┏━━

text \<open>
  Convergence of the two alternating series is assumed, not proved: where the lemma is applied
  it comes for free from the termwise integrations.
\<close>

lemma alternating_partial_fractions_csc:
  fixes z T U :: complex
  assumes z: "z \<notin> \<int>"
    and T: "(\<lambda>n. (-1) ^ n / (z - of_nat n)) sums T"
    and U: "(\<lambda>n. (-1) ^ n / (z + 1 + of_nat n)) sums U"
  shows "T - U = of_real pi / sin (of_real pi * z)"
proof -
  define a where "a = of_real pi * z / 2"
  have "z \<noteq> of_int k" for k
    using z by auto
  from this[of 0] this[of 1] this[of "-1"] this[of "-2"]
  have "- z \<noteq> 0" "- z + 1 \<noteq> 0" "z + 1 \<noteq> 0" "z + 1 + 1 \<noteq> 0"
    by (auto simp: add_eq_0_iff minus_equation_iff)
  have "(\<lambda>n. (-1) ^ n / (- z + of_nat n)) = (\<lambda>n. - ((-1) ^ n / (z - of_nat n)))"
    by (auto simp: fun_eq_iff divide_minus_right[symmetric])
  with sums_minus[OF T] have minus_T: "(\<lambda>n. (-1) ^ n / (- z + of_nat n)) sums - T"
    by simp
  have "- T = (Digamma ((- z + 1) / 2) - Digamma (- z / 2)) / 2"
    using \<open>- z \<noteq> 0\<close> \<open>- z + 1 \<noteq> 0\<close> minus_T by (rule alternating_harmonic_sums_Digamma)
  then have T_eq: "- T = (Digamma ((1 - z) / 2) - Digamma (- z / 2)) / 2"
    by (simp add: add.commute)
  have "U = (Digamma ((z + 1 + 1) / 2) - Digamma ((z + 1) / 2)) / 2"
    using \<open>z + 1 \<noteq> 0\<close> \<open>z + 1 + 1 \<noteq> 0\<close> U by (rule alternating_harmonic_sums_Digamma)
  then have U_eq: "U = (Digamma ((z + 2) / 2) - Digamma ((z + 1) / 2)) / 2"
    by (simp add: add.assoc)
  have "- z / 2 \<notin> \<int>"
    using z Ints_mult[of "-2" "- z / 2"] by auto
  from Digamma_reflection_complex[OF this]
  have R1: "Digamma ((z + 2) / 2) - Digamma (- z / 2) = - of_real pi * cot a"
    by (simp add: a_def field_simps cot_def)
  have "(z + 1) / 2 \<notin> \<int>"
  proof
    assume "(z + 1) / 2 \<in> \<int>"
    then have "2 * ((z + 1) / 2) - 1 \<in> \<int>"
      by (intro Ints_diff Ints_mult) auto
    moreover have "2 * ((z + 1) / 2) - 1 = z"
      by (simp add: field_simps)
    ultimately show False
      using z by metis
  qed
  from Digamma_reflection_complex[OF this]
  have "Digamma ((1 - z) / 2) - Digamma ((z + 1) / 2) = of_real pi * cot (a + of_real (pi / 2))"
    by (simp add: a_def field_simps)
  then have R2: "Digamma ((1 - z) / 2) - Digamma ((z + 1) / 2) = - of_real pi * tan a"
    by (simp add: cot_def tan_def sin_add cos_add sin_of_real cos_of_real)
  have sin_pi_z: "sin (of_real pi * z) = 2 * sin a * cos a"
    unfolding a_def using sin_double[of "of_real pi * z / 2"] by simp
  moreover have "sin (of_real pi * z) \<noteq> 0"
    using z by (subst sin_eq_0) auto
  ultimately have "sin a \<noteq> 0" "cos a \<noteq> 0"
    by auto
  have "T - U = - ((Digamma ((z + 2) / 2) - Digamma (- z / 2))
                   + (Digamma ((1 - z) / 2) - Digamma ((z + 1) / 2))) / 2"
    using T_eq U_eq by (simp add: field_simps)
  also have "\<dots> = of_real pi * (cot a + tan a) / 2"
    unfolding R1 R2 by (simp add: algebra_simps)
  also have "\<dots> = of_real pi / sin (of_real pi * z)"
    unfolding sin_pi_z using \<open>sin a \<noteq> 0\<close> \<open>cos a \<noteq> 0\<close>
    by (simp add: cot_def tan_def field_simps power2_eq_square sin_cos_squared_add3)
  finally show ?thesis .
qed

lemma B_eq: "B u = - 1 / (1 + exp (- u))"
  unfolding B_def by (simp add: exp_minus field_simps)

lemma abs_B_le_1: "\<bar>B u\<bar> \<le> 1"
  unfolding B_def by (simp add: abs_div_pos add_pos_pos)

lemma continuous_on_B [continuous_intros]:
  "continuous_on S f \<Longrightarrow> continuous_on S (\<lambda>x. B (f x))"
  unfolding B_def by (intro continuous_intros) (auto simp: add_pos_pos less_imp_neq[symmetric])

lemma of_real_exp_power_mult_cexp:
  fixes r s w :: real and z :: complex
  shows "of_real (exp (r + s * w)) ^ n * exp (z * of_real w)
       = of_real (exp (r * n)) * exp ((z + of_real s * of_nat n) * of_real w)"
proof -
  have "of_real (exp (r + s * w)) ^ n
      = exp (of_real (r * n) + of_real s * of_nat n * of_real w :: complex)"
    by (simp add: exp_of_real[symmetric] exp_of_nat_mult[symmetric] algebra_simps)
  then show ?thesis
    by (simp add: exp_add[symmetric] exp_of_real[symmetric] algebra_simps)
qed

lemma integral_B_cexp_atLeast_sums:
  fixes lam :: real and z :: complex
  assumes lam: "lam > 0" and z: "Re z < 0"
  shows "(\<lambda>n. (-1) ^ n * of_real (exp (- lam * n)) / (z - of_nat n))
           sums integral {0..} (\<lambda>w. of_real (B (lam + w)) * exp (z * of_real w))"
proof -
  \<comment> \<open>The ratio is written as \<open>exp (r + s * w)\<close> to match \<open>of_real_exp_power_mult_cexp\<close>.\<close>
  have "(\<lambda>n. (-1) ^ n * (of_real (exp (- lam * n)) / (z - of_nat n)))
      sums integral {0..} (\<lambda>w. - exp (z * of_real w) / of_real (1 + exp (- lam + - 1 * w)))"
  proof (rule integral_alternating_geometric_sums)
    show "0 \<le> exp (- lam + - 1 * w) \<and> exp (- lam + - 1 * w) < 1" if "w \<in> {0..}" for w
      using that lam by simp
    show "((\<lambda>w. of_real (exp (- lam + - 1 * w)) ^ n * - exp (z * of_real w)) has_integral
        of_real (exp (- lam * n)) / (z - of_nat n)) {0..}" for n
      unfolding mult_minus_right of_real_exp_power_mult_cexp
      using has_integral_mult_right[OF has_integral_cexp_atLeast[of "z - of_nat n" 0],
              of "- of_real (exp (- lam * n))"] z
      by simp
    show "(\<lambda>w. norm (- exp (z * of_real w))) integrable_on {0..}"
      using integrable_on_exp_minus_to_infinity[of "- Re z" 0] z by simp
  qed
  then show ?thesis
    by (simp add: B_eq)
qed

┗━━

▸ **WHAT TO PRODUCE**:
Using only the listing above, restate exactly the lines from the line containing "- of_real pi * cot" through the line containing "of_real pi * tan", both included.

▸ **RESPONSE TO THE EXERCISE**:
  have R1: "Digamma ((z + 2) / 2) - Digamma (- z / 2) = - of_real pi * cot a"
    by (simp add: a_def field_simps cot_def)
  have "(z + 1) / 2 \<notin> \<int>"
  proof
    assume "(z + 1) / 2 \<in> \<int>"
    then have "2 * ((z + 1) / 2) - 1 \<in> \<int>"
      by (intro Ints_diff Ints_mult) auto
    moreover have "2 * ((z + 1) / 2) - 1 = z"
      by (simp add: field_simps)
    ultimately show False
      using z by metis
  qed
  from Digamma_reflection_complex[OF this]
  have "Digamma ((1 - z) / 2) - Digamma ((z + 1) / 2) = of_real pi * cot (a + of_real (pi / 2))"
    by (simp add: a_def field_simps)
  then have R2: "Digamma ((1 - z) / 2) - Digamma ((z + 1) / 2) = - of_real pi * tan a"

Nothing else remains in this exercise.